Think I found BedBugs in a sublet that ends July 31dt...what to do?(7 posts)
I've woken up the last few days with tons of bites all over my arms and legs. At first I thought that they were mosquito bites but now I'm becoming convinced they're bed bugs (I remember seeing very small red bugs on my bed while going to sleep). However, I'm living in a small room in a sublet that ends July 31st, and it seems like it takes at least a month to truly get rid of bed bugs.
What should I do? Is it worth it to go through the costly process of extermination (I know the landlord is supposed to pay for it, but he's got a history of not paying for problems with the apartment) or should I just dry my clothes on hot and get the hell out of there?
Also--will washing clothes on high and then drying them on high shrink them a lot? I am very worried about this eventuality.
A lot of items can't be washed AND dried on hot. However, drying dry items on hot for a short time will do the trick and should be safe for most items.
I am not sure I understand the other question-- are you asking wether you should tell your landlord or not? I think you must. However, it may not be your responsibility to stick around for or pay for treatment.
Whether landlords or tenants pay for treatment depends on local
laws. I am not an expert but it's possible being a subletter affects who is responsible in some areas. I would call a local tenants' organization for advice, or a
legal aid service.
Read this site's FAQs on how to recognise & inspect for BBs. It's all good stuff & knowing how to search in a methodical way will maximise your chances of finding any evidence. Knowing what you're dealing with is the most important factor in resolving your skin reaction.
Until you know for sure that you're being exposed to a biting insect, your evidence is a skin reaction & "red bugs" on your bed. The field of possible explanations is so wide I'd probably break some bit of this page if I set about listing them all. You need to narrow things down. Don't just look for BBs - look for the source of your skin reaction. Don't ignore possibilities like fleas, allergies, skin problems like urticaria - until you know what your problem is, you won't know how to resolve it.
As you'll be moving soon, the FAQs on treating your stuff (including a full explantion of the hows & whys of laundering/ drying) & how to move without moving BBs are both mines of useful info. Using the advice there may help give you peace of mind since time is so short.

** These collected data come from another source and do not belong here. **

(* Let $q$ be a prime power, $k\ge1$ and $n\ge 2k+1$. If $\mathcal{L}$ is a Cameron-Liebler $k$-set of $\mathrm{AG}(n,q)$ with parameter $x=1$, then $\mathcal{L}$ consists of all affine $k$-spaces through some fixed affine point.
   Context: $\mathrm{AG}(n,q)$ is $\mathrm{PG}(n,q)$ with a hyperplane $\pi_\infty$ removed; affine points are points outside $\pi_\infty$, affine $k$-spaces are $k$-dimensional projective subspaces not contained in $\pi_\infty$. With $A_n$ the incidence matrix of affine points versus affine $k$-spaces, a set $\mathcal{L}$ of affine $k$-spaces is a Cameron-Liebler $k$-set of $\mathrm{AG}(n,q)$ if its characteristic vector lies in the real row space $\mathrm{Im}(A_n^T)$; its parameter is $|\mathcal{L}|/\left[{n\atop k}\right]_q$ with $\left[{a\atop b}\right]_q=\frac{(q^a-1)\cdots(q^{a-b+1}-1)}{(q^b-1)\cdots(q-1)}$. *)

theory Defs
  imports "HOL-Analysis.Analysis"
begin

text \<open>AG(n,q) is modelled as the vector space F^n over a finite field F with |F| = q
  (every prime power q is the order of some finite field, and every finite field has
  prime power order). The dimension n is CARD('n).\<close>

definition vsmult :: "'F::field \<Rightarrow> 'F ^ 'n \<Rightarrow> 'F ^ 'n" where
  "vsmult c x = (\<chi> i. c * x $ i)"

definition affine_kspace :: "nat \<Rightarrow> ('F::field ^ 'n) set \<Rightarrow> bool" where
  "affine_kspace k S \<longleftrightarrow>
     (\<exists>p v. (\<forall>c::nat \<Rightarrow> 'F. (\<Sum>j<k. vsmult (c j) (v j)) = 0 \<longrightarrow> (\<forall>j<k. c j = 0))
          \<and> S = {p + (\<Sum>j<k. vsmult (c j) (v j)) | c. True})"

definition affine_kspaces :: "nat \<Rightarrow> ('F::field ^ 'n) set set" where
  "affine_kspaces k = {S. affine_kspace k S}"

text \<open>Cameron-Liebler k-set: the characteristic vector of L (indexed by affine k-spaces)
  lies in Im(A_n^T), where A_n is the point/k-space incidence matrix; i.e. there is a real
  weight w on affine points such that chi_L(K) = sum of w(P) over points P in K, for every
  affine k-space K.\<close>
definition cameron_liebler :: "nat \<Rightarrow> ('F::{field,finite} ^ 'n) set set \<Rightarrow> bool" where
  "cameron_liebler k L \<longleftrightarrow> L \<subseteq> affine_kspaces k \<and>
     (\<exists>w :: 'F ^ 'n \<Rightarrow> real. \<forall>K \<in> affine_kspaces k.
        (if K \<in> L then 1 else 0) = (\<Sum>P\<in>K. w P))"

definition gauss_binom :: "nat \<Rightarrow> nat \<Rightarrow> real \<Rightarrow> real" where
  "gauss_binom a b q = (\<Prod>i<b. (q ^ (a - i) - 1)) / (\<Prod>i<b. (q ^ (i + 1) - 1))"

definition cl_parameter :: "nat \<Rightarrow> ('F::{field,finite} ^ 'n) set set \<Rightarrow> real" where
  "cl_parameter k L = real (card L) / gauss_binom CARD('n) k (real CARD('F))"

end

(*
  Let w be a weight on the points witnessing that L is a Cameron-Liebler set. Every partition
  of the points into affine k-spaces then contains exactly (sum of w over all points) members
  of L. Applied to the [n k]_q parallel classes, this number is the parameter, so here every
  such partition contains exactly one member of L.

  If two members of L have their directions inside a subspace M but lie in different cosets
  of M, a partition containing both is obtained by taking cosets of the first direction inside
  one coset of M and cosets of the second direction everywhere else. Hence for a functional u,
  the value u.p is the same for all members p + W of L with W inside the kernel of u. Since
  n >= k + 2, the common kernel of any two functionals contains k-subspaces, so this value is
  linear in u and equals u.P for a point P. A functional separating P from a member of L not
  through P gives a contradiction, so L is the pencil of k-spaces through P.
*)

theory Submission
  imports Defs
begin

section \<open>Affine k-spaces as cosets of k-dimensional subspaces\<close>

definition subspaces_of_dim :: "nat \<Rightarrow> ('F::field ^ 'n) set set" where
  "subspaces_of_dim k = {W. vec.subspace W \<and> vec.dim W = k}"

lemma vsmult_eq_vector_scalar_mult: "vsmult = (*s)"
  by (auto simp: vsmult_def fun_eq_iff vec_eq_iff)

lemma combinations_eq_span:
  fixes v :: "nat \<Rightarrow> 'F::field ^ 'n"
  assumes "inj_on v {..<k}"
  shows "{\<Sum>j<k. c j *s v j | c. True} = vec.span (v ` {..<k})"
proof -
  have "vec.span (v ` {..<k}) = range (\<lambda>u. \<Sum>j<k. u (v j) *s v j)"
    unfolding vec.span_finite[OF finite_imageI[OF finite_lessThan]] sum.reindex[OF assms] o_def ..
  also have "\<dots> = {\<Sum>j<k. c j *s v j | c. True}"
  proof (intro equalityI subsetI)
    fix x assume "x \<in> {\<Sum>j<k. c j *s v j | c. True}"
    then obtain c where x: "x = (\<Sum>j<k. c j *s v j)" by blast
    have "x = (\<Sum>j<k. (c \<circ> the_inv_into {..<k} v) (v j) *s v j)"
      unfolding x by (intro sum.cong) (simp_all add: the_inv_into_f_f[OF assms])
    then show "x \<in> range (\<lambda>u. \<Sum>j<k. u (v j) *s v j)" by blast
  qed auto
  finally show ?thesis ..
qed

lemma combinations_independent_iff:
  fixes v :: "nat \<Rightarrow> 'F::field ^ 'n"
  shows "(\<forall>c. (\<Sum>j<k. c j *s v j) = 0 \<longrightarrow> (\<forall>j<k. c j = 0))
     \<longleftrightarrow> inj_on v {..<k} \<and> vec.independent (v ` {..<k})"
proof
  assume indep: "\<forall>c. (\<Sum>j<k. c j *s v j) = 0 \<longrightarrow> (\<forall>j<k. c j = 0)"
  have inj: "inj_on v {..<k}"
  proof (rule inj_onI, rule ccontr)
    fix i j assume ij: "i \<in> {..<k}" "j \<in> {..<k}" "v i = v j" "i \<noteq> j"
    let ?c = "\<lambda>l. if l = i then 1 else if l = j then -1 else 0"
    have "(\<Sum>l<k. ?c l *s v l) = (\<Sum>l<k. (if l = i then v i else 0) - (if l = j then v j else 0))"
      by (rule sum.cong) (use ij in auto)
    also have "\<dots> = 0" using ij by (simp add: sum_subtractf)
    finally show False using indep ij by fastforce
  qed
  moreover have "vec.independent (v ` {..<k})"
    unfolding vec.independent_explicit
  proof (intro conjI allI impI ballI)
    fix c b assume "(\<Sum>b\<in>v ` {..<k}. c b *s b) = 0" "b \<in> v ` {..<k}"
    then show "c b = 0" using indep[rule_format, of "c \<circ> v"] by (auto simp: sum.reindex[OF inj])
  qed simp
  ultimately show "inj_on v {..<k} \<and> vec.independent (v ` {..<k})" ..
next
  assume "inj_on v {..<k} \<and> vec.independent (v ` {..<k})"
  then have inj: "inj_on v {..<k}" and indep: "vec.independent (v ` {..<k})" by blast+
  show "\<forall>c. (\<Sum>j<k. c j *s v j) = 0 \<longrightarrow> (\<forall>j<k. c j = 0)"
  proof (intro allI impI)
    fix c j assume "(\<Sum>j<k. c j *s v j) = 0" "j < k"
    moreover have "(\<Sum>j<k. c j *s v j) = (\<Sum>b\<in>v ` {..<k}. c (the_inv_into {..<k} v b) *s b)"
      by (simp add: sum.reindex[OF inj] the_inv_into_f_f[OF inj])
    ultimately show "c j = 0"
      using indep the_inv_into_f_f[OF inj] unfolding vec.independent_explicit by fastforce
  qed
qed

This forum's great place to get additional help but reading the FAQs covers the basics much faster & in a more structured way than answering questions as they come up. With BBs, the better your understand them & the consequences of your own actions; the better your chances of getting rid of them.
If you find any bugs in your search, or any cast skins, get a photo & post in a new thread, asking for ID. There are genuine experts here who can give you a definitive ID if you can get a nice, clear pic.
Yes, Koebner is abslutely right about confirming it's bed bugs first!
How large is the apartment (one bedroom with only you in it, or 2 bedroom, 3 bedroom, etc.)? And what city are in?
The room is small, maybe 10x7. It is in a four-bedroom apartment, and none of the other occupants have discovered bugs. It is in Brooklyn.
I asked the main question about whether or not I should tell my landlord because I can move in with family if needed--I have only been living in this new apartment for ten days as of today.
With you being in Brooklyn, I would imagine there are plenty of pest control operators to choose from. I asked about the city because some people live in less populated areas that have a minimum amount of pco's.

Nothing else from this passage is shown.